Please correct me if I’m wrong, but I have felt a strong cathartic element all over the album and even the songwriting looks more personal and fully connected with cathartic element that I’ve mentioned. Is that a fair assumption?
This record was cathartic for me to make more than anything. Leading up to making Arkhon, I had experienced a cataclysm in my life. I barely knew who I was anymore. I made Arkhon with the intention of using the process to heal myself. Whether anyone heard it was secondary. The music was medicinal for me, and that’s what was most important.

I would like to know if you consider yourself an optimist, generally speaking?
I believe that humanity is more resilient than we give ourselves credit for. I’m a pessimist inasmuch as I see the negative in everything. But a negative cannot exist without a positive. I prefer nondualistic thinking – which means there will never be a problem without a solution. So I guess I’m an optimist too.

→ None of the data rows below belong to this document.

theorem mainTheorem5:
  fixes P :: "real \<Rightarrow> ('a::finite) tpt \<Rightarrow> 'a tpt"
  assumes "CARD('a) \<ge> 2"
    and "\<forall>u. P u \<in> AutT"
    and "diff_smooth (prod_diffeology std_real_diffeology wire_diffeology) wire_diffeology
           (\<lambda>(u, x). P u x)"
  shows "\<exists>c. \<forall>u. P u = c"
proof -
  have "\<forall>u. \<exists>\<sigma>. P u = aut_real \<sigma>"
    using assms(2) by (auto simp: AutT_def)
  then obtain S where S: "\<And>u. P u = aut_real (S u)"
    by metis
  have "S u w = S 0 w" for u w
  proof (rule connected_local_const[OF connected_UNIV UNIV_I UNIV_I, of "\<lambda>u. S u w"], clarify)
    fix u
    have "continuous_map euclidean tree_top (\<lambda>u. P u (Abs_tpt (w, 0)))"
      using smooth_on_product_imp_continuous_in_parameter[OF assms(3)] by simp
    then have "open {u'. P u' (Abs_tpt (w, 0)) \<in> star (S u w)}"
      using openin_tree_top_star[of "S u w"] by (simp add: continuous_map_def)
    moreover have "u \<in> {u'. P u' (Abs_tpt (w, 0)) \<in> star (S u w)}"
      by (simp add: S aut_real_vertex vertex_in_star_iff)
    ultimately show "eventually (\<lambda>u'. S u w = S u' w) (at u within UNIV)"
      unfolding eventually_at_topological
      by (intro exI[of _ "{u'. P u' (Abs_tpt (w, 0)) \<in> star (S u w)}"])
        (auto simp: S aut_real_vertex vertex_in_star_iff)
  qed
  then have "P u = P 0" for u
    unfolding S by (metis ext)
  then show ?thesis
    by blast
qed

end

Where do you find beauty the most?
I find it in the slivers of Earth that have not yet been sacrificed to the artificial will of man. The woods, the mountains, looking really close at a very tiny rock. There is beauty everywhere!

Do you have recurring dreams that you remember?
So many. I have a recurring life in my dreams where I’m perpetually stuck in an ever-stretching airport mall. I am always telekenitic in my dreams, too, which makes waking up a constant disappointment. Since I was a kid I defined my primary life as the one I’m in when I’m asleep. Waking life is what we endure in order to dream.

Any predictions about this year US midterms?
No. Don’t care anymore. The US government is dead to me. It’s all kayfabe.

What books and music have you been into lately?
I’ve been really into Adorno lately, and books on Egyptian magic. I’m currently obsessed with the new Hatis Noit record. It’s the kind of album that hurts to listen to because I wish I made it. I love her. Also love the new Tanya Tagaq. Lots of wild women out there doing the Good Work!

Words: Fausto Casais // Photo: Shervin Lainez – Arkhon is out now on Sacred Bones Records.